(* Let $S$ be a finite set, $N\ge1$, $\mathcal X=S^N$, $\mu$ uniform on $\mathcal X$, and let $P$ be a coordinate-replacement kernel $Pf(x)=\frac1N\sum_{i=1}^N\sum_{u\in S}K_i(x_{-i};x_i,u)f(x^{i,u})$, reversible with respect to $\mu$, with a $P$-invariant set $\Omega\subseteq\mathcal X$, $\mu(\Omega)>0$. Let $G\subseteq\Omega$. Suppose there is $\gamma>0$ such that for every coordinate $i$ and every $x_{-i}$ whose $i$-fibre $\{x^{i,u}:u\in S\}$ intersects $G$, the fibre kernel $K_i(x_{-i})$ has spectral gap at least $\gamma$ with respect to the uniform measure on $S$. Then every nonnegative $F:\mathcal X\to\mathbb R$ with $\operatorname{supp}(F)\subseteq G$ satisfies \[ \operatorname{Ent}_\mu(F^2)\le C\frac{N\log|S|}{\gamma}\,\mathcal E_P^\mu(F,F), \] where $C<\infty$ is universal.
   Context: For $x\in S^N$, $x^{i,u}$ is $x$ with coordinate $i$ replaced by $u$, and $x_{-i}=(x_1,\dots,x_{i-1},x_{i+1},\dots,x_N)$. In a coordinate-replacement kernel each $K_i(x_{-i})$ is a Markov kernel on $S$ reversible w.r.t. the uniform measure on $S$. $\Omega$ invariant means $P(x,y)=0$ for $x\in\Omega,y\notin\Omega$. $\operatorname{Ent}_\rho(f^2)=\rho(f^2\log f^2)-\rho(f^2)\log\rho(f^2)$; $\mathcal E^\rho_K(f,f)=\frac12\sum_{x,y}\rho(x)K(x,y)(f(x)-f(y))^2$. The spectral gap of a reversible kernel $K$ with stationary law $\rho$ is $1/C_P$, where $C_P$ is the smallest constant with $\operatorname{Var}_\rho(f)\le C_P\,\mathcal E^\rho_K(f,f)$ for all real $f$. *)

theory Defs
  imports "HOL-Analysis.Analysis"
begin

definition config_space :: "nat set \<Rightarrow> nat \<Rightarrow> (nat \<Rightarrow> nat) set" where
  "config_space S N = PiE {..<N} (\<lambda>_. S)"

definition unif_exp :: "'b set \<Rightarrow> ('b \<Rightarrow> real) \<Rightarrow> real" where
  "unif_exp A g = (\<Sum>x\<in>A. g x) / real (card A)"

definition unif_prob :: "'b set \<Rightarrow> 'b set \<Rightarrow> real" where
  "unif_prob A B = real (card (A \<inter> B)) / real (card A)"

text \<open>Ent_rho(f^2) with rho uniform on A (0 log 0 = 0 since ln 0 = 0).\<close>
definition ent_sq :: "'b set \<Rightarrow> ('b \<Rightarrow> real) \<Rightarrow> real" where
  "ent_sq A f = unif_exp A (\<lambda>x. (f x)\<^sup>2 * ln ((f x)\<^sup>2))
               - unif_exp A (\<lambda>x. (f x)\<^sup>2) * ln (unif_exp A (\<lambda>x. (f x)\<^sup>2))"

definition unif_var :: "'b set \<Rightarrow> ('b \<Rightarrow> real) \<Rightarrow> real" where
  "unif_var A f = unif_exp A (\<lambda>x. (f x)\<^sup>2) - (unif_exp A f)\<^sup>2"

definition dirichlet :: "'b set \<Rightarrow> ('b \<Rightarrow> 'b \<Rightarrow> real) \<Rightarrow> ('b \<Rightarrow> real) \<Rightarrow> real" where
  "dirichlet A K f = (1/2) * (\<Sum>x\<in>A. \<Sum>y\<in>A. (1 / real (card A)) * K x y * (f x - f y)\<^sup>2)"

definition unif_reversible_markov :: "'b set \<Rightarrow> ('b \<Rightarrow> 'b \<Rightarrow> real) \<Rightarrow> bool" where
  "unif_reversible_markov A K \<longleftrightarrow>
     (\<forall>x\<in>A. \<forall>y\<in>A. K x y \<ge> 0) \<and> (\<forall>x\<in>A. (\<Sum>y\<in>A. K x y) = 1) \<and>
     (\<forall>x\<in>A. \<forall>y\<in>A. (1 / real (card A)) * K x y = (1 / real (card A)) * K y x)"

text \<open>Spectral gap 1/C_P, where C_P is the smallest constant with Var <= C_P * E
  (convention: C_P = 0 gives gap = \<infinity>, no admissible constant gives gap = 0).\<close>
definition spectral_gap :: "'b set \<Rightarrow> ('b \<Rightarrow> 'b \<Rightarrow> real) \<Rightarrow> ereal" where
  "spectral_gap A K = Sup {ereal g | g. g \<ge> 0 \<and>
      (\<forall>f :: 'b \<Rightarrow> real. g * unif_var A f \<le> dirichlet A K f)}"

definition coord_kernel ::
  "nat set \<Rightarrow> nat \<Rightarrow> (nat \<Rightarrow> (nat \<Rightarrow> nat) \<Rightarrow> nat \<Rightarrow> nat \<Rightarrow> real)
     \<Rightarrow> (nat \<Rightarrow> nat) \<Rightarrow> (nat \<Rightarrow> nat) \<Rightarrow> real" where
  "coord_kernel S N K x y =
     (1 / real N) * (\<Sum>i<N. \<Sum>u\<in>S. (if y = x(i := u) then K i x (x i) u else 0))"

end

theory Submission
  imports Defs
begin

text \<open>
  Entropy tensorizes over the product of uniform measures:
  \<open>Ent\<^sub>\<mu>(F\<^sup>2)\<close> is at most the sum over the coordinates \<open>i\<close> of the
  \<open>\<mu>\<close>-average of the entropy of \<open>F\<^sup>2\<close> along the fibre through \<open>x\<close> in direction \<open>i\<close>.
  On a fibre that meets \<open>G\<close>, a crude log-Sobolev inequality for the uniform measure
  on \<open>S\<close> (constant \<open>10 log |S|\<close>, valid because a nonnegative function is at most
  \<open>|S|\<close> times its mean) and the spectral gap bound the fibre entropy by
  \<open>10 log |S| / \<gamma>\<close> times the fibre Dirichlet form; on any other fibre \<open>F\<close>
  vanishes. Averaged over \<open>x\<close> and summed over \<open>i\<close>, the fibre Dirichlet forms
  give exactly \<open>N \<cdot> E\<^sub>P(F, F)\<close>, so \<open>C = 10\<close> works.
\<close>

lemma config_space_Suc:
  "config_space S (Suc N) = (\<lambda>(u, x). x(N := u)) ` (S \<times> config_space S N)"
  unfolding config_space_def lessThan_Suc by (simp add: PiE_insert_eq)

lemma inj_on_config_space_Suc: "inj_on (\<lambda>(u, x). x(N := u)) (S \<times> config_space S N)"
  unfolding config_space_def using inj_combinator[of N "{..<N}" "\<lambda>_. S"] by simp

lemma finite_config_space: "finite S \<Longrightarrow> finite (config_space S N)"
  unfolding config_space_def by (simp add: finite_PiE)

lemma card_config_space: "finite S \<Longrightarrow> card (config_space S N) = card S ^ N"
  unfolding config_space_def by (simp add: card_PiE)

lemma config_space_memD: "x \<in> config_space S N \<Longrightarrow> i < N \<Longrightarrow> x i \<in> S"
  unfolding config_space_def by (auto simp: PiE_iff)

lemma fun_upd_in_config_space:
  "x \<in> config_space S N \<Longrightarrow> i < N \<Longrightarrow> u \<in> S \<Longrightarrow> x(i := u) \<in> config_space S N"
  unfolding config_space_def by (auto simp: PiE_iff extensional_def)

lemma fun_upd_in_config_space_Suc:
  "x \<in> config_space S N \<Longrightarrow> u \<in> S \<Longrightarrow> x(N := u) \<in> config_space S (Suc N)"
  unfolding config_space_Suc by auto

lemma sum_config_space_Suc:
  "(\<Sum>x\<in>config_space S (Suc N). h x) = (\<Sum>x\<in>config_space S N. \<Sum>u\<in>S. h (x(N := u)))"
proof -
  have "(\<Sum>x\<in>config_space S (Suc N). h x)
      = (\<Sum>p\<in>S \<times> config_space S N. h ((\<lambda>(u, x). x(N := u)) p))"
    unfolding config_space_Suc by (rule sum.reindex[OF inj_on_config_space_Suc, unfolded comp_def])
  also have "\<dots> = (\<Sum>u\<in>S. \<Sum>x\<in>config_space S N. h (x(N := u)))"
    unfolding sum.cartesian_product by (intro sum.cong) auto
  finally show ?thesis by (simp add: sum.swap[of _ S])
qed

lemma sum_config_space_fibre:
  assumes "i < N"
  shows "(\<Sum>x\<in>config_space S N. \<Sum>u\<in>S. h (x(i := u))) = real (card S) * (\<Sum>x\<in>config_space S N. h x)"
proof -
  let ?X = "config_space S N"
  define \<phi> where "\<phi> p = ((fst p)(i := snd p), fst p i)" for p :: "(nat \<Rightarrow> nat) \<times> nat"
  have "bij_betw \<phi> (?X \<times> S) (?X \<times> S)"
    by (rule bij_betw_byWitness[where f' = \<phi>])
      (auto simp: \<phi>_def fun_upd_in_config_space config_space_memD assms)
  then have "(\<Sum>p\<in>?X \<times> S. h (fst (\<phi> p))) = (\<Sum>p\<in>?X \<times> S. h (fst p))"
    by (rule sum.reindex_bij_betw)
  then show ?thesis
    by (simp add: \<phi>_def sum.cartesian_product' sum_distrib_left mult.commute)
qed

lemma unif_exp_const: "finite A \<Longrightarrow> A \<noteq> {} \<Longrightarrow> unif_exp A (\<lambda>_. c) = c"
  unfolding unif_exp_def by simp

lemma unif_exp_zero [simp]: "unif_exp A (\<lambda>_. 0) = 0"
  unfolding unif_exp_def by simp

lemma unif_exp_add: "unif_exp A (\<lambda>x. f x + g x) = unif_exp A f + unif_exp A g"
  unfolding unif_exp_def by (simp add: sum.distrib add_divide_distrib)

lemma unif_exp_diff: "unif_exp A (\<lambda>x. f x - g x) = unif_exp A f - unif_exp A g"
  unfolding unif_exp_def by (simp add: sum_subtractf diff_divide_distrib)

lemma unif_exp_cmult: "unif_exp A (\<lambda>x. c * f x) = c * unif_exp A f"
  unfolding unif_exp_def by (simp add: sum_distrib_left[symmetric])

lemma unif_exp_multc: "unif_exp A (\<lambda>x. f x * c) = unif_exp A f * c"
  unfolding unif_exp_def by (simp add: sum_distrib_right[symmetric])

lemma unif_exp_sum: "finite I \<Longrightarrow> unif_exp A (\<lambda>x. \<Sum>i\<in>I. f i x) = (\<Sum>i\<in>I. unif_exp A (f i))"
  unfolding unif_exp_def by (simp add: sum.swap[of _ I] sum_divide_distrib)

lemma unif_exp_swap:
  "unif_exp A (\<lambda>a. unif_exp B (\<lambda>b. h a b)) = unif_exp B (\<lambda>b. unif_exp A (\<lambda>a. h a b))"
  unfolding unif_exp_def by (simp add: sum_divide_distrib[symmetric] sum.swap[of _ A])

lemma unif_exp_mono: "(\<And>x. x \<in> A \<Longrightarrow> f x \<le> g x) \<Longrightarrow> unif_exp A f \<le> unif_exp A g"
  unfolding unif_exp_def by (intro divide_right_mono sum_mono) auto

lemma unif_exp_cong: "(\<And>x. x \<in> A \<Longrightarrow> f x = g x) \<Longrightarrow> unif_exp A f = unif_exp A g"
  unfolding unif_exp_def by (metis sum.cong)

lemma unif_exp_nonneg: "(\<And>x. x \<in> A \<Longrightarrow> 0 \<le> f x) \<Longrightarrow> 0 \<le> unif_exp A f"
  unfolding unif_exp_def by (intro divide_nonneg_nonneg sum_nonneg) auto

lemma unif_exp_eq_0_imp_eq_0:
  assumes "finite A" "\<And>x. x \<in> A \<Longrightarrow> 0 \<le> f x" "unif_exp A f = 0" "x \<in> A"
  shows "f x = 0"
proof -
  have "card A > 0" using assms by (auto simp: card_gt_0_iff)
  then have "(\<Sum>x\<in>A. f x) = 0" using assms(3) unfolding unif_exp_def by simp
  then show ?thesis using sum_nonneg_eq_0_iff[OF assms(1)] assms by blast
qed

lemma unif_exp_config_space_Suc:
  assumes "finite S"
  shows "unif_exp (config_space S (Suc N)) h
       = unif_exp (config_space S N) (\<lambda>x. unif_exp S (\<lambda>u. h (x(N := u))))"
  unfolding unif_exp_def sum_config_space_Suc card_config_space[OF assms]
  by (simp add: sum_divide_distrib[symmetric] field_simps)

definition unif_ent :: "'b set \<Rightarrow> ('b \<Rightarrow> real) \<Rightarrow> real" where
  "unif_ent A \<psi> = unif_exp A (\<lambda>x. \<psi> x * ln (\<psi> x)) - unif_exp A \<psi> * ln (unif_exp A \<psi>)"

lemma ent_sq_eq_unif_ent: "ent_sq A f = unif_ent A (\<lambda>x. (f x)\<^sup>2)"
  unfolding ent_sq_def unif_ent_def ..

lemma unif_ent_eq_0: "(\<And>x. x \<in> A \<Longrightarrow> \<psi> x = 0) \<Longrightarrow> unif_ent A \<psi> = 0"
proof -
  assume "\<And>x. x \<in> A \<Longrightarrow> \<psi> x = 0"
  then have "unif_exp A \<psi> = 0" "unif_exp A (\<lambda>x. \<psi> x * ln (\<psi> x)) = 0"
    by (simp_all add: unif_exp_def)
  then show ?thesis unfolding unif_ent_def by simp
qed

WHAT IS NEEDED — The lines above from the one containing "ln ((f x)\<^sup>2))" through the one containing "(\<forall>f :: 'b" are to be set down exactly, and no others.

EXPECTED ANSWER —
  "ent_sq A f = unif_exp A (\<lambda>x. (f x)\<^sup>2 * ln ((f x)\<^sup>2))
               - unif_exp A (\<lambda>x. (f x)\<^sup>2) * ln (unif_exp A (\<lambda>x. (f x)\<^sup>2))"

definition unif_var :: "'b set \<Rightarrow> ('b \<Rightarrow> real) \<Rightarrow> real" where
  "unif_var A f = unif_exp A (\<lambda>x. (f x)\<^sup>2) - (unif_exp A f)\<^sup>2"

definition dirichlet :: "'b set \<Rightarrow> ('b \<Rightarrow> 'b \<Rightarrow> real) \<Rightarrow> ('b \<Rightarrow> real) \<Rightarrow> real" where
  "dirichlet A K f = (1/2) * (\<Sum>x\<in>A. \<Sum>y\<in>A. (1 / real (card A)) * K x y * (f x - f y)\<^sup>2)"

definition unif_reversible_markov :: "'b set \<Rightarrow> ('b \<Rightarrow> 'b \<Rightarrow> real) \<Rightarrow> bool" where
  "unif_reversible_markov A K \<longleftrightarrow>
     (\<forall>x\<in>A. \<forall>y\<in>A. K x y \<ge> 0) \<and> (\<forall>x\<in>A. (\<Sum>y\<in>A. K x y) = 1) \<and>
     (\<forall>x\<in>A. \<forall>y\<in>A. (1 / real (card A)) * K x y = (1 / real (card A)) * K y x)"

text \<open>Spectral gap 1/C_P, where C_P is the smallest constant with Var <= C_P * E
  (convention: C_P = 0 gives gap = \<infinity>, no admissible constant gives gap = 0).\<close>
definition spectral_gap :: "'b set \<Rightarrow> ('b \<Rightarrow> 'b \<Rightarrow> real) \<Rightarrow> ereal" where
  "spectral_gap A K = Sup {ereal g | g. g \<ge> 0 \<and>
      (\<forall>f :: 'b \<Rightarrow> real. g * unif_var A f \<le> dirichlet A K f)}"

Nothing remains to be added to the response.